§ EXERCISE PROMPT:
Up to and including the line with "unfolding c'_def using kw(1)", copy the records below exactly from their first line.

§ MATERIAL PROVIDED:
lemma repetition_free_pausing_walk: "repetition_free walk"
  by (rule repetition_free_if_unique_position[of "N - 1" _ "\<lambda>e. eidx p e j \<noteq> 0"])
    (use eidx_pausing_walk_nonzero_iff in auto)

lemma pauses_at_pausing_walk: "pauses_at j k1 k2 walk"
  using k12 by (simp add: pauses_at_def nth_pausing_walk pausing_edge_def)

lemma esrc_nth_0_pausing_walk: "esrc (walk ! 0) = w"
  using w(2) by (simp add: nth_pausing_walk pausing_edge_def fun_upd_idem)

end

lemma unit_index_path_rotates_to_pausing_walk:
  assumes cp: "closed_path (mod_edges d p) p c" and len: "length c = p j + 2" and j: "j < d"
    and loop: "Loop u \<in> set c" and idx: "(\<lambda>i. \<Sum>e\<leftarrow>c. eidx p e i) = unitv j"
  obtains m w a b where "w \<in> verts d p" "w j = 0" "a \<le> b" "b < p j"
    "rotate m c = pausing_walk p j w a (Suc b)"
proof -
  let ?N = "length c"
  obtain k1 k2 where "pauses_at j k1 k2 c" using unit_index_path_pauses[OF cp len loop idx] .
  moreover have "(\<Sum>e\<leftarrow>c. eidx p e j) = 1" using fun_cong[OF idx, of j] by (simp add: unitv_def)
  ultimately obtain kw where kw: "kw < ?N" "eidx p (c ! kw) j = 1"
    by (rule pauses_at_wrap_position)
  \<comment> \<open>With the edge of index e_j last, the path starts at a vertex with w_j = 0.\<close>
  define c' where "c' = rotate (Suc kw) c"
  have cp': "closed_path (mod_edges d p) p c'" unfolding c'_def using cp by (rule closed_path_rotate)
  have len': "length c' = p j + 2" unfolding c'_def using len by simp
  have loop': "Loop u \<in> set c'" unfolding c'_def using loop by simp
  have idx': "(\<lambda>i. \<Sum>e\<leftarrow>c'. eidx p e i) = unitv j"
    unfolding c'_def using idx by (simp only: sum_list_map_rotate)
  have "Suc kw + (?N - 1) = kw + ?N" using kw(1) by simp
  then have "(Suc kw + (?N - 1)) mod ?N = kw" using kw(1) by simp
  moreover have "c' ! (?N - 1) = c ! ((Suc kw + (?N - 1)) mod ?N)"
    unfolding c'_def using kw(1) by (intro nth_rotate) simp
  ultimately have wrap: "eidx p (c' ! (length c' - 1)) j = 1" using len len' kw(2) by simp
  obtain k1' k2' where pauses': "pauses_at j k1' k2' c'"
    using unit_index_path_pauses[OF cp' len' loop' idx'] .
  moreover have "(\<Sum>e\<leftarrow>c'. eidx p e j) = 1" using fun_cong[OF idx', of j] by (simp add: unitv_def)
  ultimately obtain kw' where "kw' < length c'" "eidx p (c' ! kw') j = 1"
    "\<And>k. k < length c' \<Longrightarrow> k \<noteq> kw' \<Longrightarrow> eidx p (c' ! k) j = 0"
    by (rule pauses_at_wrap_position) blast
  moreover from this have "kw' = length c' - 1" using wrap len' by fastforce
  ultimately have no_wrap: "\<And>k. k < length c' - 1 \<Longrightarrow> eidx p (c' ! k) j = 0" by auto
  have "k2' < p j + 1 \<and> esrc (c' ! 0) \<in> verts d p \<and> esrc (c' ! 0) j = 0 \<and>
      c' = pausing_walk p j (esrc (c' ! 0)) k1' k2'"
    using closed_path_eq_pausing_walk[OF cp' len' j pauses' wrap no_wrap] .
  then show thesis
    using that[of "esrc (c' ! 0)" k1' "k2' - 1" "Suc kw"] pauses' unfolding c'_def pauses_at_def by auto
qed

§ EXERCISE RESULT:
lemma repetition_free_pausing_walk: "repetition_free walk"
  by (rule repetition_free_if_unique_position[of "N - 1" _ "\<lambda>e. eidx p e j \<noteq> 0"])
    (use eidx_pausing_walk_nonzero_iff in auto)

lemma pauses_at_pausing_walk: "pauses_at j k1 k2 walk"
  using k12 by (simp add: pauses_at_def nth_pausing_walk pausing_edge_def)

lemma esrc_nth_0_pausing_walk: "esrc (walk ! 0) = w"
  using w(2) by (simp add: nth_pausing_walk pausing_edge_def fun_upd_idem)

end

lemma unit_index_path_rotates_to_pausing_walk:
  assumes cp: "closed_path (mod_edges d p) p c" and len: "length c = p j + 2" and j: "j < d"
    and loop: "Loop u \<in> set c" and idx: "(\<lambda>i. \<Sum>e\<leftarrow>c. eidx p e i) = unitv j"
  obtains m w a b where "w \<in> verts d p" "w j = 0" "a \<le> b" "b < p j"
    "rotate m c = pausing_walk p j w a (Suc b)"
proof -
  let ?N = "length c"
  obtain k1 k2 where "pauses_at j k1 k2 c" using unit_index_path_pauses[OF cp len loop idx] .
  moreover have "(\<Sum>e\<leftarrow>c. eidx p e j) = 1" using fun_cong[OF idx, of j] by (simp add: unitv_def)
  ultimately obtain kw where kw: "kw < ?N" "eidx p (c ! kw) j = 1"
    by (rule pauses_at_wrap_position)
  \<comment> \<open>With the edge of index e_j last, the path starts at a vertex with w_j = 0.\<close>
  define c' where "c' = rotate (Suc kw) c"
  have cp': "closed_path (mod_edges d p) p c'" unfolding c'_def using cp by (rule closed_path_rotate)
  have len': "length c' = p j + 2" unfolding c'_def using len by simp
  have loop': "Loop u \<in> set c'" unfolding c'_def using loop by simp
  have idx': "(\<lambda>i. \<Sum>e\<leftarrow>c'. eidx p e i) = unitv j"
    unfolding c'_def using idx by (simp only: sum_list_map_rotate)
  have "Suc kw + (?N - 1) = kw + ?N" using kw(1) by simp
  then have "(Suc kw + (?N - 1)) mod ?N = kw" using kw(1) by simp
  moreover have "c' ! (?N - 1) = c ! ((Suc kw + (?N - 1)) mod ?N)"
    unfolding c'_def using kw(1) by (intro nth_rotate) simp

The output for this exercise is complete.